About this task :: Narrow the data below down to the lines containing "finally".

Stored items
━━━━━━

lemma Q_mat_mult_P_mat: "Q_mat p m * P_mat p m = 1\<^sub>m (2*p+m+3)"
  by (rule eq_matI) (auto simp: Q_mat_def P_mat_def scalar_prod_def basis_Q_basis_P)

lemma P_mat_mult_Q_mat: "P_mat p m * Q_mat p m = 1\<^sub>m (2*p+m+3)"
  using mat_mult_left_right_inverse[OF Q_mat_carrier P_mat_carrier Q_mat_mult_P_mat] .

lemma similar_D_mat_T_mat: "similar_mat (D_mat p m) (T_mat p m)"
proof (rule similar_matI[of _ _ "P_mat p m" "Q_mat p m" "2*p+m+3"])
  let ?n = "2*p+m+3"
  note carriers = P_mat_carrier[of p m] Q_mat_carrier[of p m] D_mat_carrier[of p m]
  show "{D_mat p m, T_mat p m, P_mat p m, Q_mat p m} \<subseteq> carrier_mat ?n ?n"
    using carriers T_mat_carrier by auto
  have "P_mat p m * T_mat p m * Q_mat p m
      = (P_mat p m * Q_mat p m) * (D_mat p m * P_mat p m) * Q_mat p m"
    using carriers by (simp add: T_mat_def assoc_mult_mat[of _ ?n ?n _ ?n _ ?n])
  also have "\<dots> = D_mat p m * (P_mat p m * Q_mat p m)"
    using carriers by (simp add: P_mat_mult_Q_mat assoc_mult_mat[of _ ?n ?n _ ?n _ ?n])
  finally show "D_mat p m = P_mat p m * T_mat p m * Q_mat p m"
    using carriers by (simp add: P_mat_mult_Q_mat)
qed (simp_all add: P_mat_mult_Q_mat Q_mat_mult_P_mat)

lemma T_mat_entry:
  assumes "j < 2*p+m+3" "k < 2*p+m+3"
  shows "T_mat p m $$ (j, k) = (\<Sum>v\<in>{0..<2*p+m+3}. basis_Q p m j v *
    (\<Sum>u\<in>{0..<2*p+m+3}. real (dist_pm p m v u) * basis_P p m u k))"
  using assms
  by (auto simp: T_mat_def Q_mat_def P_mat_def scalar_prod_def D_mat_carrier[THEN carrier_matD(1)]
      D_mat_carrier[THEN carrier_matD(2)] D_mat_entry intro!: sum.cong)

lemma T_mat_entry_left:
  assumes j: "j < 2*p+m+3" and k: "k < 2*p+m"
  shows "T_mat p m $$ (j, k) =
    (if k < p then \<mu> * of_bool (j = k)
     else if k < 2*p then (\<kappa> - 3) * of_bool (j = k) - of_bool (j = k - p)
     else - of_bool (j = k))"
proof -
  have k3: "k < 2*p+m+3" and kp3: "k - p < 2*p+m+3" using k by simp_all
  let ?QP = "\<lambda>l. \<Sum>v\<in>{0..<2*p+m+3}. basis_Q p m j v * basis_P p m v l"
  have "T_mat p m $$ (j, k) = (\<Sum>v\<in>{0..<2*p+m+3}. basis_Q p m j v *
    (if k < p then \<mu> * basis_P p m v k
     else if k < 2*p then - basis_P p m v (k-p) + (\<kappa> - 3) * basis_P p m v k
     else - basis_P p m v k))"
    unfolding T_mat_entry[OF j k3] by (intro sum.cong) (simp_all add: D_basis_P k)
  also have "\<dots> =
    (if k < p then \<mu> * ?QP k else if k < 2*p then (\<kappa> - 3) * ?QP k - ?QP (k - p) else - ?QP k)"
    by (cases "k < p"; cases "k < 2*p")
      (simp_all add: sum_distrib_left sum_negf sum_subtractf sum.distrib ring_distribs
        mult.left_commute)
  finally show ?thesis by (simp add: basis_Q_basis_P[OF j k3] basis_Q_basis_P[OF j kp3])
qed

definition T_diag :: "nat \<Rightarrow> nat \<Rightarrow> real" where
  "T_diag p i = (if i < p then \<mu> else if i < 2*p then \<kappa> - 3 else -1)"

lemma T_mat_below_diag:
  assumes "i < 2*p+m+3" "j < 2*p+m" "j < i"
  shows "T_mat p m $$ (i, j) = 0"
  using assms by (auto simp: T_mat_entry_left)

lemma T_mat_diag:
  assumes "1 \<le> p" "j < 2*p+m"
  shows "T_mat p m $$ (j, j) = T_diag p j"
  using assms by (auto simp: T_mat_entry_left T_diag_def)

text \<open>Entry \<open>(a, b)\<close> sums the distances from the representative of class \<open>b\<close> to the vertices
  of class \<open>a\<close>, the classes being the clique vertices with pendants, those without, and the
  pendants.\<close>
definition quotient_mat :: "nat \<Rightarrow> nat \<Rightarrow> real mat" where
  "quotient_mat p m = mat_of_rows_list 3
    [[real p, real p + 1, 2 * real p + 1],
     [real m + 1, real m, 2 * real m + 2],
     [2 * real p + 1, 2 * real p + 2, 3 * real p]]"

━━━━━━

Expected answer ::
  finally show "D_mat p m = P_mat p m * T_mat p m * Q_mat p m"
  finally show ?thesis by (simp add: basis_Q_basis_P[OF j k3] basis_Q_basis_P[OF j kp3])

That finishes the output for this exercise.